Can you honestly say that you noticed? For one, a fly ball to the outfield has always been a good candidate to be caught. Even in the dark ages, five of every six of them ended up in someone’s glove before hitting the ground. On top of that, you still had a left, center, and right fielder out there. They just moved a few feet here or there to areas where the ball was more likely to be hit. The data nerds figured out how to position the outfielders more correctly, and the result is as plain as day.
Remember earlier when I said that the infield shift suppressed BABIP by about 12 points when it was employed (and against ground balls specifically, by about 23 points?). Well, the effects of better outfielder positioning are four times as powerful at taking away hits. More than that, not everyone gets shifted, but everyone hits fly balls. Better, data-driven, outfielder positioning is taking away far more hits than the infield shift.
Perhaps the rise of the infield shift actually caused the decrease in outfield BABIP? After all, the standard story is that hitters see the shift and try to launch the ball over it. Maybe they’re being goaded into easier fly balls? Nah.
Above, I suggested that the effect of the infield shift on ground balls was 23 points of BABIP. I got that by looking at grounder BABIP for individual players when they weren’t being shifted. If a batter had a .250 BABIP on GBs without the shift, and the shift made no difference, then we would expect a .250 BABIP on worm burners in front of the shift. For one individual player, there’s going to be too much noise, but if we sum across the league, we can get an idea for the effects of the shift as a strategy.
I did the same thing, but with fly-ball BABIP. While hitters lost 23 points on grounders, they actually gained a tiny bit (tiny enough that the effect is basically nil) on fly balls hit in front of the infield shift. It’s not the infield shift that’s driving down outfield fly ball BABIP. It’s just that teams are better at positioning their outfielders.
Now, MLB has a bit of a decision to make. They’re already considering legislating where the infielders can stand. Will they do the same for outfielders in the name of restoring “action” to the game? They could mandate three spots in the field where outfielders need to stand as the pitch is released, and they could be the same for all batters. For some, they’d be in the “wrong” places.

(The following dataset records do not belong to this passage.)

lemma is_min_poly_rat_dvd:
  assumes "is_min_poly_rat m z" "poly (map_poly of_rat p) z = 0"
  shows "m dvd p"
proof -
  have m: "lead_coeff m = 1" "poly (map_poly of_rat m) z = 0"
    and min: "\<And>r. r \<noteq> 0 \<Longrightarrow> poly (map_poly of_rat r) z = 0 \<Longrightarrow> degree m \<le> degree r"
    using assms(1) unfolding is_min_poly_rat_def by auto
  have "poly (map_poly of_rat (p mod m)) z = 0"
    using assms(2) m(2) div_mult_mod_eq[of p m]
    by (metis (no_types, lifting) add_0 map_poly_add map_poly_mult of_rat_0 of_rat_add of_rat_mult
        mult_zero_right poly_add poly_mult)
  then have "p mod m = 0"
    using min degree_mod_less[of m p] m(1) by (metis leD leading_coeff_0_iff zero_neq_one)
  then show ?thesis
    by (simp add: mod_eq_0_iff_dvd)
qed

lemma norm_root_cyclotomic:
  assumes "cyclotomic p" "poly (map_poly of_int p) w = 0"
  shows "norm (w :: complex) = 1"
proof -
  obtain n z where nz: "primitive_root_of_unity n z" "is_min_poly_rat (map_poly of_int p) z"
    using assms(1) unfolding cyclotomic_def by blast
  have poly_xn1: "poly (map_poly of_rat (monom 1 n - 1)) x = x ^ n - 1" for x :: complex
    by (simp add: map_poly_diff of_rat_diff map_poly_monom poly_monom)
  have "map_poly of_int p dvd (monom 1 n - 1 :: rat poly)"
    using nz by (intro is_min_poly_rat_dvd) (auto simp: poly_xn1 primitive_root_of_unity_def)
  then obtain f where f: "monom 1 n - 1 = map_poly of_int p * (f :: rat poly)"
    by (elim dvdE)
  have "map_poly (of_rat :: rat \<Rightarrow> complex) (map_poly of_int p) = map_poly of_int p"
    by (simp add: map_poly_map_poly o_def)
  then have "w ^ n - 1 = poly (map_poly of_int p) w * poly (map_poly of_rat f) w"
    by (simp flip: poly_xn1 add: f map_poly_mult of_rat_add of_rat_mult)
  then have "w ^ n = 1"
    using assms(2) by simp
  then show ?thesis
    using nz(1) power_eq_1_iff by (auto simp: primitive_root_of_unity_def)
qed

section \<open>The polynomial sym(q)\<close>

lemma coeff_sym_poly_top: "coeff (sym_poly q) (2 * degree q) = lead_coeff q"
  by (simp add: sym_poly_eq_sym_poly_deg coeff_sym_poly_deg_top)

lemma degree_sym_poly: "degree (sym_poly q) = 2 * degree q"
proof (cases "q = 0")
  case False
  then have "2 * degree q \<le> degree (sym_poly q)"
    by (intro le_degree) (simp add: coeff_sym_poly_top)
  moreover have "degree (sym_poly q) \<le> 2 * degree q"
    by (simp add: sym_poly_eq_sym_poly_deg degree_sym_poly_deg_le)
  ultimately show ?thesis
    by linarith
qed (simp add: sym_poly_def)

lemma lead_coeff_sym_poly: "lead_coeff (sym_poly q) = lead_coeff q"
  by (simp add: degree_sym_poly coeff_sym_poly_top)

lemma symplectic_sym_poly:
  assumes "lead_coeff q = 1"
  shows "symplectic_poly (sym_poly q)"
proof -
  have "palindromic (2 * degree q) (sym_poly q)"
    by (simp add: sym_poly_eq_sym_poly_deg palindromic_sym_poly_deg)
  then show ?thesis
    using assms lead_coeff_sym_poly[of q]
    by (simp add: symplectic_poly_iff_palindromic degree_sym_poly)
qed

lemma symplectic_poly_imp_sym_poly:
  assumes "symplectic_poly p"
  shows "\<exists>r. lead_coeff r = 1 \<and> p = sym_poly r"
proof -
  obtain d where d: "degree p = 2 * d" and "lead_coeff p = 1" and "palindromic (2 * d) p"
    using assms by (auto simp: symplectic_poly_iff_palindromic elim!: evenE)
  then obtain r where r: "degree r \<le> d" "p = sym_poly_deg d r"
    using palindromic_imp_sym_poly_deg by blast
  have "coeff r d = 1"
    using d \<open>lead_coeff p = 1\<close> by (simp add: r(2) coeff_sym_poly_deg_top)
  then have "degree r = d"
    using r(1) by (simp add: le_antisym le_degree)
  with r \<open>coeff r d = 1\<close> show ?thesis
    by (auto simp: sym_poly_eq_sym_poly_deg)
qed

lemma sym_poly_mult: "sym_poly (r * s) = sym_poly r * sym_poly s"
proof (cases "r = 0 \<or> s = 0")
  case False
  then show ?thesis
    by (simp add: sym_poly_eq_sym_poly_deg degree_mult_eq sym_poly_deg_mult)
qed (auto simp: sym_poly_def)

lemma sym_poly_inject: "sym_poly r = sym_poly s \<longleftrightarrow> r = s"
proof
  assume eq: "sym_poly r = sym_poly s"
  then have "degree r = degree s"
    using degree_sym_poly[of r] degree_sym_poly[of s] by simp
  with eq show "r = s"
    by (simp add: sym_poly_eq_sym_poly_deg sym_poly_deg_eq_iff)
qed simp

Doing that would do more than banning the infield shift ever could to bringing more hits into the game, so if they want to inject more action, that’s the place to start. It’s a question of philosophy. Is the point of the coming Great Baseball Makeover going to be to restore some classic aesthetic to the game or is it to gently guide the types of outcomes that the game produces? If we’re going to ban things, not because they provide an untoward advantage, but because the fans find them annoying in some way, then we need to ask what criteria we’re going to use to ban them.
If the #NewMoneyball is having your innovations fly under the radar so that people don’t complain about them, it would be nice to know that.